> **Activity**: Go through the records that follow and tally the lines with "proof" in them; answer with the number alone.

○ ○ ○ ○ ○ ○ ○

(* Let $D=(V,E;s,t)$, $N$ be as in the context and let $\widetilde\Gamma_D=(N,\tilde\gamma)$ be the auxiliary game. Then $\mathcal{C}(\widetilde\Gamma_D)$ is the convex hull of the incidence vectors (in $\mathbb{R}^N$) of the minimum $s$-$t$ cuts constrained to $N$.
   Context: $D=(V,E;s,t)$ is a directed network with unit arc capacities (parallel arcs allowed); $N\subseteq E$ is the set of private arcs (players), $M=E\setminus N$ public arcs; every $s$-$t$ path contains an arc of $N$ and every arc lies on some $s$-$t$ path. For $S\subseteq N$, $\gamma(S)$ is the maximum number of pairwise arc-disjoint $s$-$t$ paths in $D_S=(V,S\cup M;s,t)$. $\sigma_N$ is the maximum number of $s$-$t$ paths pairwise sharing no arc of $N$. An $s$-$t$ cut constrained to $N$ is a set of arcs contained in $N$ meeting every $s$-$t$ path; it is minimum if of minimum cardinality. The auxiliary game $\widetilde\Gamma_D=(N,\tilde\gamma)$ has $\tilde\gamma(N)=\sigma_N$ and $\tilde\gamma(S)=\gamma(S)$ for $S\subsetneq N$. $\mathcal{C}(\widetilde\Gamma_D)=\{x\in\mathbb{R}^N_{\ge0}:x(N)=\sigma_N,\ x(S)\ge\tilde\gamma(S)\ \forall S\subseteq N\}$, where $x(S)=\sum_{i\in S}x_i$. *)

theory Defs
  imports "HOL-Analysis.Analysis"
begin

text \<open>A directed multigraph: arcs of type 'e, each arc a has tail src a and head trg a.
  Parallel arcs are distinct elements of 'e with the same endpoints.\<close>

definition path_vertices :: "('e \<Rightarrow> 'v) \<Rightarrow> ('e \<Rightarrow> 'v) \<Rightarrow> 'e list \<Rightarrow> 'v list" where
  "path_vertices src trg p = map src p @ [trg (last p)]"

definition is_st_path :: "('e \<Rightarrow> 'v) \<Rightarrow> ('e \<Rightarrow> 'v) \<Rightarrow> 'v \<Rightarrow> 'v \<Rightarrow> 'e set \<Rightarrow> 'e list \<Rightarrow> bool" where
  "is_st_path src trg s t F p \<longleftrightarrow>
     p \<noteq> [] \<and> set p \<subseteq> F \<and> src (hd p) = s \<and> trg (last p) = t \<and>
     (\<forall>i. Suc i < length p \<longrightarrow> trg (p ! i) = src (p ! Suc i)) \<and>
     distinct (path_vertices src trg p)"

definition st_paths :: "('e \<Rightarrow> 'v) \<Rightarrow> ('e \<Rightarrow> 'v) \<Rightarrow> 'v \<Rightarrow> 'v \<Rightarrow> 'e set \<Rightarrow> 'e list set" where
  "st_paths src trg s t F = {p. is_st_path src trg s t F p}"

definition gamma :: "('e \<Rightarrow> 'v) \<Rightarrow> ('e \<Rightarrow> 'v) \<Rightarrow> 'v \<Rightarrow> 'v \<Rightarrow> 'e set \<Rightarrow> 'e set \<Rightarrow> 'e set \<Rightarrow> nat" where
  "gamma src trg s t E N S =
     Max {card P | P. P \<subseteq> st_paths src trg s t (S \<union> (E - N)) \<and>
                      pairwise (\<lambda>p q. set p \<inter> set q = {}) P}"

definition sigmaN :: "('e \<Rightarrow> 'v) \<Rightarrow> ('e \<Rightarrow> 'v) \<Rightarrow> 'v \<Rightarrow> 'v \<Rightarrow> 'e set \<Rightarrow> 'e set \<Rightarrow> nat" where
  "sigmaN src trg s t E N =
     Max {card P | P. P \<subseteq> st_paths src trg s t E \<and>
                      pairwise (\<lambda>p q. set p \<inter> set q \<inter> N = {}) P}"

definition gamma_tilde :: "('e \<Rightarrow> 'v) \<Rightarrow> ('e \<Rightarrow> 'v) \<Rightarrow> 'v \<Rightarrow> 'v \<Rightarrow> 'e set \<Rightarrow> 'e set \<Rightarrow> 'e set \<Rightarrow> nat" where
  "gamma_tilde src trg s t E N S =
     (if S = N then sigmaN src trg s t E N else gamma src trg s t E N S)"

definition is_cut_N :: "('e \<Rightarrow> 'v) \<Rightarrow> ('e \<Rightarrow> 'v) \<Rightarrow> 'v \<Rightarrow> 'v \<Rightarrow> 'e set \<Rightarrow> 'e set \<Rightarrow> 'e set \<Rightarrow> bool" where
  "is_cut_N src trg s t E N C \<longleftrightarrow>
     C \<subseteq> N \<and> (\<forall>p \<in> st_paths src trg s t E. set p \<inter> C \<noteq> {})"

definition is_min_cut_N :: "('e \<Rightarrow> 'v) \<Rightarrow> ('e \<Rightarrow> 'v) \<Rightarrow> 'v \<Rightarrow> 'v \<Rightarrow> 'e set \<Rightarrow> 'e set \<Rightarrow> 'e set \<Rightarrow> bool" where
  "is_min_cut_N src trg s t E N C \<longleftrightarrow>
     is_cut_N src trg s t E N C \<and>
     (\<forall>C'. is_cut_N src trg s t E N C' \<longrightarrow> card C \<le> card C')"

text \<open>The core of the auxiliary game; vectors in R^N are vectors in real^'e (arc type finite) vanishing outside N.\<close>
definition core_tilde :: "('e::finite \<Rightarrow> 'v) \<Rightarrow> ('e \<Rightarrow> 'v) \<Rightarrow> 'v \<Rightarrow> 'v \<Rightarrow> 'e set \<Rightarrow> 'e set \<Rightarrow> (real ^ 'e) set" where
  "core_tilde src trg s t E N =
     {x. (\<forall>i. i \<notin> N \<longrightarrow> x $ i = 0) \<and> (\<forall>i\<in>N. 0 \<le> x $ i) \<and>
         (\<Sum>i\<in>N. x $ i) = real (sigmaN src trg s t E N) \<and>
         (\<forall>S. S \<subseteq> N \<longrightarrow> (\<Sum>i\<in>S. x $ i) \<ge> real (gamma_tilde src trg s t E N S))}"

definition incidence_vec :: "'e::finite set \<Rightarrow> real ^ 'e" where
  "incidence_vec C = (\<chi> i. if i \<in> C then 1 else 0)"

end

theory Submission
  imports Defs
begin

text \<open>
  Incidence vectors of minimum cuts constrained to \<open>N\<close> lie in the core: by a Menger argument
  (augmenting paths in a network where every public arc is replaced by \<open>\<sigma>\<^sub>N + 1\<close> parallel
  copies) such a cut has exactly \<open>\<sigma>\<^sub>N\<close> arcs, and arc-disjoint paths in \<open>D\<^sub>S\<close> meet it in
  distinct arcs of \<open>S\<close>. The core is convex, so it contains the convex hull.

  Conversely, a core vector \<open>x\<close> gives weight at least 1 to every s-t path and has total weight
  \<open>\<sigma>\<^sub>N\<close>. The arcs leaving the set of vertices reachable from \<open>s\<close> along arcs of weight 0 form a
  minimum cut \<open>C\<close>, and a path crossing \<open>C\<close> in \<open>k\<close> arcs weighs at least \<open>1 + (k - 1) \<theta>\<close> for
  \<open>\<theta> = min\<^sub>C x\<close>. Hence \<open>(x - \<theta> \<chi>\<^sub>C) / (1 - \<theta>)\<close> is again such a vector, with smaller
  support, and induction on the support writes \<open>x\<close> as a convex combination of the \<open>\<chi>\<^sub>C\<close>.
\<close>

section \<open>Walks and s-t paths\<close>

fun walk :: "('a \<Rightarrow> 'v) \<Rightarrow> ('a \<Rightarrow> 'v) \<Rightarrow> 'a set \<Rightarrow> 'v \<Rightarrow> 'v \<Rightarrow> 'a list \<Rightarrow> bool" where
  "walk src trg F u v [] \<longleftrightarrow> u = v"
| "walk src trg F u v (a # p) \<longleftrightarrow> a \<in> F \<and> src a = u \<and> walk src trg F (trg a) v p"

lemma walk_set: "walk src trg F u v p \<Longrightarrow> set p \<subseteq> F"
  by (induction p arbitrary: u) auto

lemma walk_mono: "walk src trg F u v p \<Longrightarrow> set p \<subseteq> F' \<Longrightarrow> walk src trg F' u v p"
  by (induction p arbitrary: u) auto

lemma walk_append:
  "walk src trg F u v p \<Longrightarrow> walk src trg F v w q \<Longrightarrow> walk src trg F u w (p @ q)"
  by (induction p arbitrary: u) auto

lemma walk_snoc:
  "walk src trg F u v p \<Longrightarrow> a \<in> F \<Longrightarrow> src a = v \<Longrightarrow> walk src trg F u (trg a) (p @ [a])"
  by (induction p arbitrary: u) auto

lemma walk_drop:
  "walk src trg F u v p \<Longrightarrow> k < length p \<Longrightarrow> walk src trg F (src (p ! k)) v (drop k p)"
proof (induction p arbitrary: u k)
  case (Cons a p)
  then show ?case by (cases k) auto
qed simp

lemma walk_map:
  "walk (src \<circ> f) (trg \<circ> f) F u v p \<Longrightarrow> walk src trg (f ` F) u v (map f p)"
  by (induction p arbitrary: u) auto

lemma walk_crosses:
  "walk src trg F u v p \<Longrightarrow> u \<in> A \<Longrightarrow> v \<notin> A \<Longrightarrow> \<exists>a\<in>set p. src a \<in> A \<and> trg a \<notin> A"
  by (induction p arbitrary: u) auto

lemma walk_telescope:
  "walk src trg F u v p \<Longrightarrow>
   (\<Sum>a\<leftarrow>p. of_bool (src a = w) - of_bool (trg a = w) :: int) = of_bool (u = w) - of_bool (v = w)"
  by (induction p arbitrary: u) auto

lemma walk_shortcut:
  "walk src trg F u v p \<Longrightarrow> \<exists>q. walk src trg F u v q \<and> set q \<subseteq> set p \<and> distinct (u # map trg q)"
proof (induction p arbitrary: u)
  case Nil
  then show ?case by force
next
  case (Cons a p)
  then have "walk src trg F (trg a) v p" by simp
  then obtain q where q: "walk src trg F (trg a) v q" "set q \<subseteq> set p" "distinct (trg a # map trg q)"
    using Cons.IH by blast
  show ?case
  proof (cases "u \<in> set (trg a # map trg q)")
    case False
    then show ?thesis using q Cons.prems by (intro exI[of _ "a # q"]) auto
  next
    case True
    then have "u \<in> set (map trg (a # q))" by simp
    then obtain k where k: "k < length (a # q)" "trg ((a # q) ! k) = u"
      by (metis in_set_conv_nth length_map nth_map)
    have "walk src trg F (src a) v (a # q)" using q(1) Cons.prems by simp
    from walk_drop[OF this k(1)]
    have "walk src trg F (src ((a # q) ! k)) v (drop k (a # q))" .
    then have "walk src trg F u v (drop (Suc k) (a # q))"
      using k by (simp add: Cons_nth_drop_Suc[symmetric])
    moreover have "distinct (u # map trg (drop (Suc k) (a # q)))"
    proof -
      have "drop k (map trg (a # q)) = map trg ((a # q) ! k # drop (Suc k) (a # q))"
        using k(1) by (simp only: drop_map Cons_nth_drop_Suc)
      then have "drop k (map trg (a # q)) = u # map trg (drop (Suc k) (a # q))"
        using k(2) by simp
      then show ?thesis using distinct_drop[of "map trg (a # q)" k] q(3) by simp
    qed
    moreover have "set (drop (Suc k) (a # q)) \<subseteq> set (a # p)"
      using q(2) set_drop_subset by fastforce
    ultimately show ?thesis by blast
  qed
qed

○ ○ ○ ○ ○ ○ ○

> **The answer**: 4